Flotow is now famous for one thing, his opera Martha, which was premiered in 1847. It held the stage right through into the 20th century but has more recently faded from popularity, joining the other 30 or so operas he penned, not to mention many works in other genres. These performances of both piano concertos are splendidly crisp with an enthusiastic orchestral accompaniment from one of the Czech Republic’s ‘other’ orchestras. The pianist is a very skilled musician and though lacking comparisons one cannot imagine anyone doing a better job with these surprisingly unknown pieces. Why are they not performed regularly? For me they are as much fun to hear as the Liszt and Chopin concertos but I imagine aficionados of these much better known composers may balk at the comparison. The Jubel Overture, written in 1857 to celebrate the re-opening of Schwerin Castle where Flotow served as musical Intendant, is another entertaining piece, full of pomp and splendour. Finally there are all five movements of the Incidental Music to a five act play by Putlitz about the man who became William III of England. The second interlude, that for Act 3, is striking for having ‘Rule Britannia’ as its main theme, which also returns in the Act 5 Interlude. Once again Flotow demonstrates his gifts for mixing melody and drama and leaves me perplexed that such music has sunk into utter obscurity.

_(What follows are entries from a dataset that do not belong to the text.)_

(* Let $n\geq 3$ and let $\mathcal H_n$ be the universal homogeneous $K_n$-free graph. Then $\mathcal H_n$ is IY-homogeneous for every $\mathrm{Y}\in\{\mathrm{H},\mathrm{I},\mathrm{A},\mathrm{E},\mathrm{B},\mathrm{M}\}$, and $\mathcal H_n$ is not XY-homogeneous for any $\mathrm{X}\in\{\mathrm{H},\mathrm{M}\}$ and any $\mathrm{Y}\in\{\mathrm{H},\mathrm{I},\mathrm{A},\mathrm{E},\mathrm{B},\mathrm{M}\}$.
   Context: All graphs are undirected and loopless; subgraphs are induced. $\mathcal H_n$ is the Fraïssé limit of the class of finite $K_n$-free graphs; it is the unique countable graph such that for all finite disjoint $A,B\subseteq\mathcal H_n$ with $A$ $K_{n-1}$-free there is a vertex adjacent to every vertex of $A$ and to no vertex of $B$. For $\mathrm{X}\in\{\mathrm{H},\mathrm{M},\mathrm{I}\}$ an X-morphism is a homomorphism, monomorphism (injective homomorphism), or isomorphism onto its image. For $\mathrm{Y}\in\{\mathrm{H},\mathrm{I},\mathrm{A},\mathrm{E},\mathrm{B},\mathrm{M}\}$, a Y-morphism $G\to G$ is, respectively, an endomorphism, a self-embedding, an automorphism, a surjective endomorphism, a bijective endomorphism, or an injective endomorphism. $G$ is XY-homogeneous if every X-morphism between finite induced subgraphs of $G$ is the restriction of a Y-morphism $G\to G$. *)

theory Defs
  imports Main "HOL-Library.Countable_Set"
begin

definition graph :: "'a set \<Rightarrow> ('a \<Rightarrow> 'a \<Rightarrow> bool) \<Rightarrow> bool" where
  "graph V E \<longleftrightarrow> (\<forall>x y. E x y \<longrightarrow> x \<in> V \<and> y \<in> V) \<and> (\<forall>x y. E x y \<longrightarrow> E y x) \<and> (\<forall>x. \<not> E x x)"

definition is_clique :: "('a \<Rightarrow> 'a \<Rightarrow> bool) \<Rightarrow> 'a set \<Rightarrow> bool" where
  "is_clique E S \<longleftrightarrow> (\<forall>x\<in>S. \<forall>y\<in>S. x \<noteq> y \<longrightarrow> E x y)"

definition K_free :: "nat \<Rightarrow> ('a \<Rightarrow> 'a \<Rightarrow> bool) \<Rightarrow> 'a set \<Rightarrow> bool" where
  "K_free k E S \<longleftrightarrow> \<not> (\<exists>C\<subseteq>S. finite C \<and> card C = k \<and> is_clique E C)"

text \<open>(V,E) is (a copy of) the universal homogeneous K_n-free graph H_n:
  a countable K_n-free graph with the extension property.\<close>
definition is_Henson :: "nat \<Rightarrow> 'a set \<Rightarrow> ('a \<Rightarrow> 'a \<Rightarrow> bool) \<Rightarrow> bool" where
  "is_Henson n V E \<longleftrightarrow> graph V E \<and> countable V \<and> K_free n E V \<and>
     (\<forall>A B. finite A \<and> finite B \<and> A \<subseteq> V \<and> B \<subseteq> V \<and> A \<inter> B = {} \<and> K_free (n - 1) E A \<longrightarrow>
        (\<exists>v\<in>V. v \<notin> A \<and> v \<notin> B \<and> (\<forall>a\<in>A. E v a) \<and> (\<forall>b\<in>B. \<not> E v b)))"

datatype Xkind = XH | XM | XI
datatype Ykind = YH | YI | YA | YE | YB | YM

definition hom_on :: "('a \<Rightarrow> 'a \<Rightarrow> bool) \<Rightarrow> 'a set \<Rightarrow> ('a \<Rightarrow> 'a) \<Rightarrow> bool" where
  "hom_on E A f \<longleftrightarrow> (\<forall>x\<in>A. \<forall>y\<in>A. E x y \<longrightarrow> E (f x) (f y))"

definition emb_on :: "('a \<Rightarrow> 'a \<Rightarrow> bool) \<Rightarrow> 'a set \<Rightarrow> ('a \<Rightarrow> 'a) \<Rightarrow> bool" where
  "emb_on E A f \<longleftrightarrow> inj_on f A \<and> (\<forall>x\<in>A. \<forall>y\<in>A. E x y \<longleftrightarrow> E (f x) (f y))"

fun Xmorph :: "Xkind \<Rightarrow> ('a \<Rightarrow> 'a \<Rightarrow> bool) \<Rightarrow> 'a set \<Rightarrow> ('a \<Rightarrow> 'a) \<Rightarrow> bool" where
  "Xmorph XH E A f \<longleftrightarrow> hom_on E A f"
| "Xmorph XM E A f \<longleftrightarrow> hom_on E A f \<and> inj_on f A"
| "Xmorph XI E A f \<longleftrightarrow> emb_on E A f"

fun Ymorph :: "Ykind \<Rightarrow> 'a set \<Rightarrow> ('a \<Rightarrow> 'a \<Rightarrow> bool) \<Rightarrow> ('a \<Rightarrow> 'a) \<Rightarrow> bool" where
  "Ymorph YH V E g \<longleftrightarrow> g ` V \<subseteq> V \<and> hom_on E V g"
| "Ymorph YI V E g \<longleftrightarrow> g ` V \<subseteq> V \<and> emb_on E V g"
| "Ymorph YA V E g \<longleftrightarrow> bij_betw g V V \<and> emb_on E V g"
| "Ymorph YE V E g \<longleftrightarrow> g ` V = V \<and> hom_on E V g"
| "Ymorph YB V E g \<longleftrightarrow> bij_betw g V V \<and> hom_on E V g"
| "Ymorph YM V E g \<longleftrightarrow> g ` V \<subseteq> V \<and> inj_on g V \<and> hom_on E V g"

definition XY_homogeneous :: "Xkind \<Rightarrow> Ykind \<Rightarrow> 'a set \<Rightarrow> ('a \<Rightarrow> 'a \<Rightarrow> bool) \<Rightarrow> bool" where
  "XY_homogeneous X Y V E \<longleftrightarrow>
     (\<forall>A f. finite A \<and> A \<subseteq> V \<and> f ` A \<subseteq> V \<and> Xmorph X E A f \<longrightarrow>
        (\<exists>g. Ymorph Y V E g \<and> (\<forall>x\<in>A. g x = f x)))"

end

theory Submission
  imports Defs
begin

text \<open>
  Extension to automorphisms is Cantor's back-and-forth argument. The forth step for a finite
  partial isomorphism \<open>P\<close> and a new vertex \<open>v\<close> asks for a vertex adjacent exactly to the
  \<open>P\<close>-images of the neighbours of \<open>v\<close>; the extension property supplies one, because these
  images span no \<open>K\<^bsub>n - 1\<^esub>\<close> (pulled back, such a clique together with \<open>v\<close> would be a \<open>K\<^sub>n\<close>).
  The back step is the forth step for the converse.

  For the negative part take non-adjacent \<open>a\<close>, \<open>b\<close> and a neighbour \<open>d\<close> of \<open>a\<close>. The
  monomorphism \<open>a \<mapsto> a, b \<mapsto> d\<close> extends to no endomorphism \<open>g\<close>: the extension property gives
  a clique \<open>C\<close> of \<open>n - 2\<close> common neighbours of \<open>a\<close> and \<open>b\<close>, and \<open>g\<close> maps \<open>{a, b} \<union> C\<close>,
  which misses only the edge \<open>ab\<close>, onto a \<open>K\<^sub>n\<close>.
\<close>

definition partial_iso :: "('a \<Rightarrow> 'a \<Rightarrow> bool) \<Rightarrow> ('a \<times> 'a) set \<Rightarrow> bool" where
  "partial_iso E P \<longleftrightarrow>
     (\<forall>x y x' y'. (x, y) \<in> P \<longrightarrow> (x', y') \<in> P \<longrightarrow> (x = x' \<longleftrightarrow> y = y') \<and> (E x x' \<longleftrightarrow> E y y'))"

lemma partial_iso_converse: "partial_iso E P \<Longrightarrow> partial_iso E (P\<inverse>)"
  unfolding partial_iso_def by blast

lemma partial_iso_graph_of_emb: "emb_on E A f \<Longrightarrow> partial_iso E ((\<lambda>x. (x, f x)) ` A)"
  unfolding partial_iso_def emb_on_def inj_on_def by auto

There is a much needed essay in the booklet about Flotow and his music, though the French essay is greatly shortened compared to the German and English versions. There is a problem with the recording which, though clean and clear, has its channels reversed so that the violins come from the right and the cellos and basses from the left. Most modern equipment, mine included, cannot correct for this so one either tolerates it, reverses amplifier connections, or doesn’t buy the disk. Try to avoid the final choice because this really is a most enjoyable hour’s worth.